An analysis of administrative claims from the Truven Health MarketScan Research database was used to examine differences in healthcare utilization between 2 cohorts of newly diagnosed patients with CLL who received treatment either with BR or FCR. In addition, the investigators analyzed differences across age-groups.
A total of 1795 patients with newly diagnosed CLL were identified who received treatment with first-line BR (N = 946) or with FCR (N = 849). Patients in the BR cohort were significantly older, included more women, and more often had comorbidities compared with the patients who received treatment with the FCR regimen (P <.05 for all differences).
The patients who received the BR regimen had significantly fewer outpatient visits than the patients in the FCR cohort during the first 6 months of therapy, as well as during months 12 to 18 (14.05 vs 17.03, respectively); across all follow-up periods, the patients in the BR cohort were also less likely to have a visit to the emergency department or to be hospitalized (odds ratio [OR], 0.66; P <.05).
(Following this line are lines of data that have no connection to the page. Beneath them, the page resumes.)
lemma step_renyi_moment_le:
  assumes \<beta>: "0 < \<beta>" and q: "q t \<in> {0..1}" and valid: "valid_sgm_bound TYPE('d) eps_sgm"
    and a: "1 < a" and adj: "adjacent D D'"
  shows "(\<integral>\<^sup>+x. ennreal (renyi_integrand a (step_density t D h x) (step_density t D' h x)) \<partial>lborel_vec)
     \<le> ennreal (exp ((a - 1) * eps_sgm a (q t) (sigma_eff \<beta> (sig t))))"
proof -
  define se where "se = sigma_eff \<beta> (sig t)"
  have se: "0 < se" unfolding se_def using \<beta> sig_pos by (rule sigma_eff_pos)
  define k where "k j = sig t (grp j) * C (grp j) / se" for j
  have k: "0 < k j" for j unfolding k_def using se noise_std_pos by simp
  define w where "w x j = \<beta> * clip grp C (grad t h x) j / k j" for x j
  define \<psi> where "\<psi> E = mixture_density (q t) (length E) (\<lambda>_. se)
      (\<lambda>m j. \<Sum>i<length E. if m i then (E ! i) j else 0)" for E :: "('d \<Rightarrow> real) list"
  have "step_mean t E h = (\<lambda>m j. k j * (\<Sum>i<length E. if m i then (map w E ! i) j else 0) + b t h j)" for E
    unfolding step_mean_def w_def using k
    by (auto simp: fun_eq_iff sum_distrib_left less_imp_neq[symmetric] intro!: sum.cong)
  moreover have "(\<lambda>j. sig t (grp j) * C (grp j)) = (\<lambda>j. k j * se)"
    unfolding k_def using se by (auto simp: fun_eq_iff)
  ultimately have scale: "step_density t E h x = \<psi> (map w E) (affine_inv k (b t h) x) / (\<Prod>j\<in>UNIV. k j)" for E x
    unfolding step_density_def \<psi>_def by (simp add: mixture_density_affine[OF k se])
  have sgm: "sgm (q t) se E = density lborel_vec (\<lambda>x. ennreal (\<psi> E x))" for E
    unfolding \<psi>_def by (rule sgm_eq_density[OF se])
  have "(\<integral>\<^sup>+x. ennreal (renyi_integrand a (step_density t D h x) (step_density t D' h x)) \<partial>lborel_vec)
      = (\<integral>\<^sup>+y. ennreal (renyi_integrand a (\<psi> (map w D) y) (\<psi> (map w D') y)) \<partial>lborel_vec)"
    unfolding scale by (rule nn_integral_renyi_integrand_affine[OF k]) (simp_all add: \<psi>_def)
  also have "\<dots> = renyi_moment a (sgm (q t) se (map w D)) (sgm (q t) se (map w D'))"
    unfolding sgm
    by (rule renyi_moment_density(2)[symmetric])
      (auto simp: \<psi>_def mixture_density_nonneg mixture_density_pos se intro!: prob_space_mixture_density)
  also have "\<dots> \<le> ennreal (exp ((a - 1) * eps_sgm a (q t) se))"
  proof (rule renyi_div_leD(3)[OF _ a])
    have "adjacent (map w D) (map w D')" using adj by (rule adjacent_map)
    moreover have "\<forall>v \<in> set (map w D) \<union> set (map w D'). l2 v \<le> 1"
      unfolding w_def k_def se_def using l2_rescaled_clip_le_1[OF C_pos sig_pos \<beta>] by auto
    ultimately show "renyi_div a (sgm (q t) se (map w D)) (sgm (q t) se (map w D')) \<le> ereal (eps_sgm a (q t) se)"
      using valid q se a unfolding valid_sgm_bound_def by blast
  qed
  finally show ?thesis unfolding se_def .
qed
Some differences were especially clear between the 2 cohorts. The patients in the FCR cohort who were older (age ≥70 years), had, on average, more outpatient visits (OR for emergency department visit, 1.14), and a greater likelihood of an emergency department visit or a hospitalization stay (OR for hospitalization, 1.50) than the patients in the BR cohort.
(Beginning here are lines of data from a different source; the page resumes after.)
(* Let $F$ be a tree on $\{1,\dots,r\}$ in which each edge is given an orientation, and let $B<\infty$. For all families $(W_{ij})_{ij\in E(F)}$ and $(W'_{ij})_{ij\in E(F)}$ with all $W_{ij},W'_{ij}\in\mathcal W_B$, $$t_0\big(F,(W_{ij})\big)\le B^{e(F)}$$ and $$\big|t_0\big(F,(W_{ij})\big)-t_0\big(F,(W'_{ij})\big)\big|\le B^{e(F)-1}\sum_{ij\in E(F)}\|W_{ij}-W'_{ij}\|_\square.$$
   Context: $(\mathcal S,\mu)$ is a probability space; $\mathcal W$ is the set of integrable measurable $W:\mathcal S^2\to[0,\infty)$ (not necessarily symmetric), with marginals $\lambda_W(x)=\int W(x,y)d\mu(y)$, $\lambda'_W(y)=\int W(x,y)d\mu(x)$. $\mathcal W_B=\{W\in\mathcal W:\sup_x\lambda_W(x)\le B,\ \sup_y\lambda'_W(y)\le B\}$. For an oriented tree $F$, with an edge oriented from $i$ to $j$ written $ij$, $t_0(F,(W_{ij}))=\int_{\mathcal S^r}\prod_{ij\in E(F)}W_{ij}(x_i,x_j)\,d\mu(x_1)\cdots d\mu(x_r)$. Cut norm: $\|W\|_\square=\sup_{\|f\|_\infty,\|g\|_\infty\le1}|\int f(x)g(y)W(x,y)\,d\mu(x)d\mu(y)|$. $e(F)$ is the number of edges. *)

theory Defs
  imports "HOL-Probability.Probability"
begin

text \<open>The underlying undirected
  graph is required to be a (simple) tree: no loops, no pair of antiparallel edges
  (so each undirected edge carries exactly one orientation), connected, acyclic.\<close>

definition und_adj :: "(nat \<times> nat) set \<Rightarrow> nat \<Rightarrow> nat \<Rightarrow> bool" where
  "und_adj E i j \<longleftrightarrow> (i, j) \<in> E \<or> (j, i) \<in> E"

definition has_cycle :: "(nat \<times> nat) set \<Rightarrow> bool" where
  "has_cycle E \<longleftrightarrow> (\<exists>vs. length vs \<ge> 3 \<and> distinct vs
      \<and> (\<forall>k. Suc k < length vs \<longrightarrow> und_adj E (vs ! k) (vs ! Suc k))
      \<and> und_adj E (last vs) (hd vs))"

definition oriented_tree :: "nat \<Rightarrow> (nat \<times> nat) set \<Rightarrow> bool" where
  "oriented_tree r E \<longleftrightarrow> r \<ge> 1 \<and> E \<subseteq> {1..r} \<times> {1..r}
     \<and> (\<forall>i. (i, i) \<notin> E) \<and> (\<forall>i j. (i, j) \<in> E \<longrightarrow> (j, i) \<notin> E)
     \<and> (\<forall>i\<in>{1..r}. \<forall>j\<in>{1..r}. (und_adj E)\<^sup>*\<^sup>* i j)
     \<and> \<not> has_cycle E"

definition in_WB :: "'a measure \<Rightarrow> real \<Rightarrow> ('a \<Rightarrow> 'a \<Rightarrow> real) \<Rightarrow> bool" where
  "in_WB M B W \<longleftrightarrow>
     integrable (M \<Otimes>\<^sub>M M) (\<lambda>(x, y). W x y)
     \<and> (\<forall>x\<in>space M. \<forall>y\<in>space M. 0 \<le> W x y)
     \<and> (\<forall>x\<in>space M. (\<integral>\<^sup>+ y. ennreal (W x y) \<partial>M) \<le> ennreal B)
     \<and> (\<forall>y\<in>space M. (\<integral>\<^sup>+ x. ennreal (W x y) \<partial>M) \<le> ennreal B)"

definition t0 :: "'a measure \<Rightarrow> nat \<Rightarrow> (nat \<times> nat) set \<Rightarrow> (nat \<times> nat \<Rightarrow> 'a \<Rightarrow> 'a \<Rightarrow> real) \<Rightarrow> real" where
  "t0 M r E W = (\<integral>x. (\<Prod>e\<in>E. W e (x (fst e)) (x (snd e))) \<partial>(PiM {1..r} (\<lambda>_. M)))"

definition cut_norm :: "'a measure \<Rightarrow> ('a \<Rightarrow> 'a \<Rightarrow> real) \<Rightarrow> real" where
  "cut_norm M W = Sup {\<bar>\<integral>z. f (fst z) * g (snd z) * W (fst z) (snd z) \<partial>(M \<Otimes>\<^sub>M M)\<bar> | f g.
       f \<in> borel_measurable M \<and> g \<in> borel_measurable M
       \<and> (\<forall>x\<in>space M. \<bar>f x\<bar> \<le> 1) \<and> (\<forall>y\<in>space M. \<bar>g y\<bar> \<le> 1)}"

end

theory Submission
  imports Defs
begin

(* We prove a stronger, vertex-weighted statement by peeling leaves.  Attach to every
   vertex v a measurable weight phi_v with values in [0,1] and consider the integrand
   prod_v phi_v(x_v) * prod_{ij in F} U_ij(x_i, x_j) over a forest F.  If l is a leaf
   with neighbour p, integrating out x_l turns the factor phi_l(x_l) U(x_p, x_l) into a
   function h(x_p) with 0 <= h <= B (this is where both marginal bounds of W_B enter);
   writing h = B * (h / B) absorbs it into the weight of p.  Isolated vertices just
   contribute a factor int phi_l in [0,1].  Iterating gives
     * the bound B^e(F) for the weighted density (first claim, and integrability), and
     * for a fixed edge ab, a bound B^(e(F)-1) * ||P - P'||_cut on the integral of the
       integrand without ab times P(x_a,x_b) - P'(x_a,x_b): we peel leaves other than a
       and b until only a and b are left, where the integral is a cut-norm test integral.
   The second claim then follows by changing the edge kernels one at a time. *)

definition forest :: "(nat \<times> nat) set \<Rightarrow> bool" where
  "forest E \<longleftrightarrow> (\<forall>i. (i, i) \<notin> E) \<and> (\<forall>i j. (i, j) \<in> E \<longrightarrow> (j, i) \<notin> E) \<and> \<not> has_cycle E"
Overall, these results suggest that the healthcare utilization among patients with CLL who continue to use the BR regimen is significantly lower than the healthcare utilization of patients who use the FCR regimen long-term. Furthermore, patients aged ≥70 years who received treatment with the FCR regimen had significantly more hospitalizations, outpatient visits, and visits to the emergency department than those who received treatment with the BR regimen.
These results support the use of BR as an effective and safe chemoimmunotherapy option for elderly patients with CLL in the era of novel agents and immunotherapies.